Ankara została ostrzeżona w języku „Points” i „Gradov”
Podczas gdy z południowych regionów prowincji Homs i Deir ez-Zor wciąż napływają niezwykle niepokojące sygnały o wzmocnieniu amerykańskich i brytyjskich kontyngentów wojskowych ciężkimi pojazdami opancerzonymi i armią lotnictwo do prowadzenia na dużą skalę operacji ofensywnych przeciwko siłom rządu syryjskiego w kierunku rzeki Eufrat, równie trudna sytuacja operacyjno-taktyczna pozostaje w prowincjach Hama, Idlib i Aleppo, gdzie tureckie przywództwo całkowicie straciło poczucie proporcji , przypomniał czasy Imperium Osmańskiego i stara się wyznaczyć swoją bezużyteczną obecność na jak największym obszarze północno-zachodniej Syrii Arabskiej Republiki. Dlaczego bezwartościowe?
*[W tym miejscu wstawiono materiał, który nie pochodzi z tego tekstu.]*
(* Let $(F,+,\cdot)$ be a (left) near-field, $I$ an index set, and $\boldsymbol\sigma=(\sigma_i)_{i\in I}$, $\boldsymbol\rho=(\rho_i)_{i\in I}$ families of multiplicative automorphisms of $F$. Let $F^{\boldsymbol\sigma,\boldsymbol\rho}$ be the set of finitely supported families $(\alpha_i)_{i\in I}\in F^I$, with addition $(\alpha_i)_i+_{\boldsymbol\sigma}(\beta_i)_i=(\alpha_i+_{\sigma_i}\beta_i)_i$ and scalar multiplication $\alpha\cdot_{\boldsymbol\rho}(\alpha_i)_i=(\rho_i(\alpha)\alpha_i)_i$. Then $F^{\boldsymbol\sigma,\boldsymbol\rho}$ is a near-vector space over $F$, and for $\mathbf e_j=(\delta_{j,i})_{i\in I}$, every $j\in I$ and every $\gamma\in F\setminus\{0\}$, the element $\gamma\cdot_{\boldsymbol\rho}\mathbf e_j$ lies in the quasi-kernel and $$+_{\gamma\cdot_{\boldsymbol\rho}\mathbf e_j}=+_{\sigma_j\circ\rho_j\circ\varphi_\gamma}.$$
   Context: A (left) near-field is $(F,+,\cdot,0,1)$ where $(F,\cdot,1)$ is a monoid, $(F\setminus\{0\},\cdot)$ is a group, $(F,+,0)$ is an abelian group, and $\alpha(\beta+\gamma)=\alpha\beta+\alpha\gamma$. A multiplicative automorphism is a monoid automorphism of $(F,\cdot)$. For a multiplicative automorphism $\tau$, $\alpha+_\tau\beta=\tau^{-1}(\tau(\alpha)+\tau(\beta))$. For $\gamma\neq0$, $\varphi_\gamma(\alpha)=\gamma^{-1}\alpha\gamma$. $\delta_{j,i}$ is $1$ if $i=j$ and $0$ otherwise. Near-vector space over $F$ (the scalar group $(F,\cdot,1,0,-1)$): an abelian group with a left action of $(F,\cdot)$ by endomorphisms, with $0,1,-1$ acting as $0,\mathrm{id},-\mathrm{id}$, the action free, and the quasi-kernel $Q(V)=\{u:\forall\alpha,\beta\in F\ \exists\gamma,\ \alpha u+\beta u=\gamma u\}$ generating $V$ additively. For $u\in Q(V)\setminus\{0\}$, $\alpha+_u\beta$ is the unique $\gamma$ with $\alpha u+\beta u=\gamma u$. *)

theory Defs
  imports Main
begin

definition near_field ::
  "('a \<Rightarrow> 'a \<Rightarrow> 'a) \<Rightarrow> ('a \<Rightarrow> 'a \<Rightarrow> 'a) \<Rightarrow> 'a \<Rightarrow> 'a \<Rightarrow> bool" where
  "near_field add mul zero one \<longleftrightarrow>
     \<comment> \<open>(F,\<cdot>,1) is a monoid\<close>
     (\<forall>a b c. mul (mul a b) c = mul a (mul b c)) \<and>
     (\<forall>a. mul one a = a \<and> mul a one = a) \<and>
     \<comment> \<open>(F minus {0}, \<cdot>) is a group (with identity 1)\<close>
     one \<noteq> zero \<and>
     (\<forall>a b. a \<noteq> zero \<longrightarrow> b \<noteq> zero \<longrightarrow> mul a b \<noteq> zero) \<and>
     (\<forall>a. a \<noteq> zero \<longrightarrow> (\<exists>b. b \<noteq> zero \<and> mul a b = one \<and> mul b a = one)) \<and>
     \<comment> \<open>(F,+,0) is an abelian group\<close>
     (\<forall>a b c. add (add a b) c = add a (add b c)) \<and>
     (\<forall>a b. add a b = add b a) \<and>
     (\<forall>a. add zero a = a) \<and>
     (\<forall>a. \<exists>b. add a b = zero) \<and>
     \<comment> \<open>left distributivity\<close>
     (\<forall>a b c. mul a (add b c) = add (mul a b) (mul a c))"

definition mult_aut :: "('a \<Rightarrow> 'a \<Rightarrow> 'a) \<Rightarrow> 'a \<Rightarrow> ('a \<Rightarrow> 'a) \<Rightarrow> bool" where
  "mult_aut mul one \<tau> \<longleftrightarrow> bij \<tau> \<and> (\<forall>a b. \<tau> (mul a b) = mul (\<tau> a) (\<tau> b)) \<and> \<tau> one = one"

definition add_tau :: "('a \<Rightarrow> 'a \<Rightarrow> 'a) \<Rightarrow> ('a \<Rightarrow> 'a) \<Rightarrow> 'a \<Rightarrow> 'a \<Rightarrow> 'a" where
  "add_tau add \<tau> a b = inv \<tau> (add (\<tau> a) (\<tau> b))"

definition nf_inv :: "('a \<Rightarrow> 'a \<Rightarrow> 'a) \<Rightarrow> 'a \<Rightarrow> 'a \<Rightarrow> 'a" where
  "nf_inv mul one g = (THE b. mul g b = one)"

definition nf_neg :: "('a \<Rightarrow> 'a \<Rightarrow> 'a) \<Rightarrow> 'a \<Rightarrow> 'a \<Rightarrow> 'a" where
  "nf_neg add zero a = (THE b. add a b = zero)"

definition conj_map :: "('a \<Rightarrow> 'a \<Rightarrow> 'a) \<Rightarrow> 'a \<Rightarrow> 'a \<Rightarrow> 'a \<Rightarrow> 'a" where
  "conj_map mul one g a = mul (nf_inv mul one g) (mul a g)"

definition quasi_kernel ::
  "'v set \<Rightarrow> ('v \<Rightarrow> 'v \<Rightarrow> 'v) \<Rightarrow> ('a \<Rightarrow> 'v \<Rightarrow> 'v) \<Rightarrow> 'v set" where
  "quasi_kernel V addV act = {u \<in> V. \<forall>a b. \<exists>c. addV (act a u) (act b u) = act c u}"

inductive_set add_gen :: "'v set \<Rightarrow> ('v \<Rightarrow> 'v \<Rightarrow> 'v) \<Rightarrow> 'v \<Rightarrow> 'v set \<Rightarrow> 'v set"
  for V addV zeroV S where
  gen_zero: "zeroV \<in> add_gen V addV zeroV S"
| gen_base: "u \<in> S \<Longrightarrow> u \<in> add_gen V addV zeroV S"
| gen_add: "u \<in> add_gen V addV zeroV S \<Longrightarrow> w \<in> add_gen V addV zeroV S \<Longrightarrow>
             addV u w \<in> add_gen V addV zeroV S"
| gen_neg: "u \<in> add_gen V addV zeroV S \<Longrightarrow> w \<in> V \<Longrightarrow> addV u w = zeroV \<Longrightarrow>
             w \<in> add_gen V addV zeroV S"

definition near_vector_space ::
  "('a \<Rightarrow> 'a \<Rightarrow> 'a) \<Rightarrow> ('a \<Rightarrow> 'a \<Rightarrow> 'a) \<Rightarrow> 'a \<Rightarrow> 'a \<Rightarrow>
   'v set \<Rightarrow> ('v \<Rightarrow> 'v \<Rightarrow> 'v) \<Rightarrow> 'v \<Rightarrow> ('a \<Rightarrow> 'v \<Rightarrow> 'v) \<Rightarrow> bool" where
  "near_vector_space add mul zero one V addV zeroV act \<longleftrightarrow>
     \<comment> \<open>(V, addV, zeroV) is an abelian group\<close>
     zeroV \<in> V \<and>
     (\<forall>u\<in>V. \<forall>w\<in>V. addV u w \<in> V) \<and>
     (\<forall>u\<in>V. \<forall>w\<in>V. \<forall>x\<in>V. addV (addV u w) x = addV u (addV w x)) \<and>
     (\<forall>u\<in>V. \<forall>w\<in>V. addV u w = addV w u) \<and>
     (\<forall>u\<in>V. addV zeroV u = u) \<and>
     (\<forall>u\<in>V. \<exists>w\<in>V. addV u w = zeroV) \<and>
     \<comment> \<open>left action of the monoid (F,\<cdot>) by endomorphisms\<close>
     (\<forall>a. \<forall>u\<in>V. act a u \<in> V) \<and>
     (\<forall>a. \<forall>u\<in>V. \<forall>w\<in>V. act a (addV u w) = addV (act a u) (act a w)) \<and>
     (\<forall>a b. \<forall>u\<in>V. act (mul a b) u = act a (act b u)) \<and>
     \<comment> \<open>0, 1, -1 act as 0, id, -id\<close>
     (\<forall>u\<in>V. act zero u = zeroV) \<and>
     (\<forall>u\<in>V. act one u = u) \<and>
     (\<forall>u\<in>V. addV u (act (nf_neg add zero one) u) = zeroV) \<and>
     \<comment> \<open>the action is free\<close>
     (\<forall>a b. \<forall>u\<in>V. act a u = act b u \<longrightarrow> u = zeroV \<or> a = b) \<and>
     \<comment> \<open>the quasi-kernel generates V additively\<close>
     V = add_gen V addV zeroV (quasi_kernel V addV act)"

definition add_u :: "('v \<Rightarrow> 'v \<Rightarrow> 'v) \<Rightarrow> ('a \<Rightarrow> 'v \<Rightarrow> 'v) \<Rightarrow> 'v \<Rightarrow> 'a \<Rightarrow> 'a \<Rightarrow> 'a" where
  "add_u addV act u a b = (THE c. addV (act a u) (act b u) = act c u)"

definition fsupp_fams :: "'a \<Rightarrow> ('i \<Rightarrow> 'a) set" where
  "fsupp_fams zero = {f. finite {i. f i \<noteq> zero}}"

definition add_sigma :: "('a \<Rightarrow> 'a \<Rightarrow> 'a) \<Rightarrow> ('i \<Rightarrow> 'a \<Rightarrow> 'a) \<Rightarrow>
    ('i \<Rightarrow> 'a) \<Rightarrow> ('i \<Rightarrow> 'a) \<Rightarrow> ('i \<Rightarrow> 'a)" where
  "add_sigma add \<sigma> f g = (\<lambda>i. add_tau add (\<sigma> i) (f i) (g i))"

definition smult_rho :: "('a \<Rightarrow> 'a \<Rightarrow> 'a) \<Rightarrow> ('i \<Rightarrow> 'a \<Rightarrow> 'a) \<Rightarrow> 'a \<Rightarrow> ('i \<Rightarrow> 'a) \<Rightarrow> ('i \<Rightarrow> 'a)" where
  "smult_rho mul \<rho> a f = (\<lambda>i. mul (\<rho> i a) (f i))"

definition unit_fam :: "'a \<Rightarrow> 'a \<Rightarrow> 'i \<Rightarrow> ('i \<Rightarrow> 'a)" where
  "unit_fam zero one j = (\<lambda>i. if j = i then one else zero)"

end

theory Submission imports Defs begin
Tak, ponieważ protureckim bojownikom Wolnej Armii Syryjskiej udało się osiągnąć strategiczny sukces wyłącznie w południowo-zachodnich, centralnych i północnych regionach kantonu Afrin, gdzie całą obronę powierzono na barki kurdyjskich Ludowych Jednostek Obrony YPG/YPJ , które nie mają nic do swojej dyspozycji, poza systemami przeciwpancernymi pierwszej i drugiej generacji, w tym „Baby”, „Fagot” i „Konkurs-M”. Regularnie uniemożliwiali wprowadzenie do Afrin jednostek 5. korpusu szturmowego regularnej armii syryjskiej, za co zapłacili utratą terytoriów.
Ogromną rolę odegrał tu zarówno upór charakterystyczny dla mentalności kurdyjskich watażków w Afrin, jak i uzależnienie Baszara al-Assada wraz z dowództwem syryjskiej armii arabskiej od porozumień zawartych w ramach regionalnego powiązanie geopolityczne Rosja-Iran-Turcja w sprawie utworzenia dużej północnej strefy deeskalacji rozciągającej się na prowincje Idlib i Aleppo. W rezultacie przywódcom syryjskim pozostawiono niezwykle wąskie okno możliwości wpływania na sytuację w Afrin. Sprowadzało się to jedynie do utworzenia korytarza Nubla, który umożliwia przerzucanie do Afrinu uzbrojonych oddziałów milicji syryjskich należących do NSO („Narodowe Siły Obronne” lub NDF, Narodowe Siły Obrony), a także jednostek Hezbollahu. Bez ciężkich pojazdów opancerzonych i artylerii wszystkie te ochotnicze formacje niestety nie były w stanie obronić północnych i centralnych ziem Afrin, chociaż wykazali się dużą wytrzymałością i morale przed wielokrotnie przewyższającymi siłami FSA i regularną armią turecką. W końcu stworzenie kotła Afrin zajęło prawie 2 miesiące, czasami bardziej technologicznie wyposażone siły protureckie!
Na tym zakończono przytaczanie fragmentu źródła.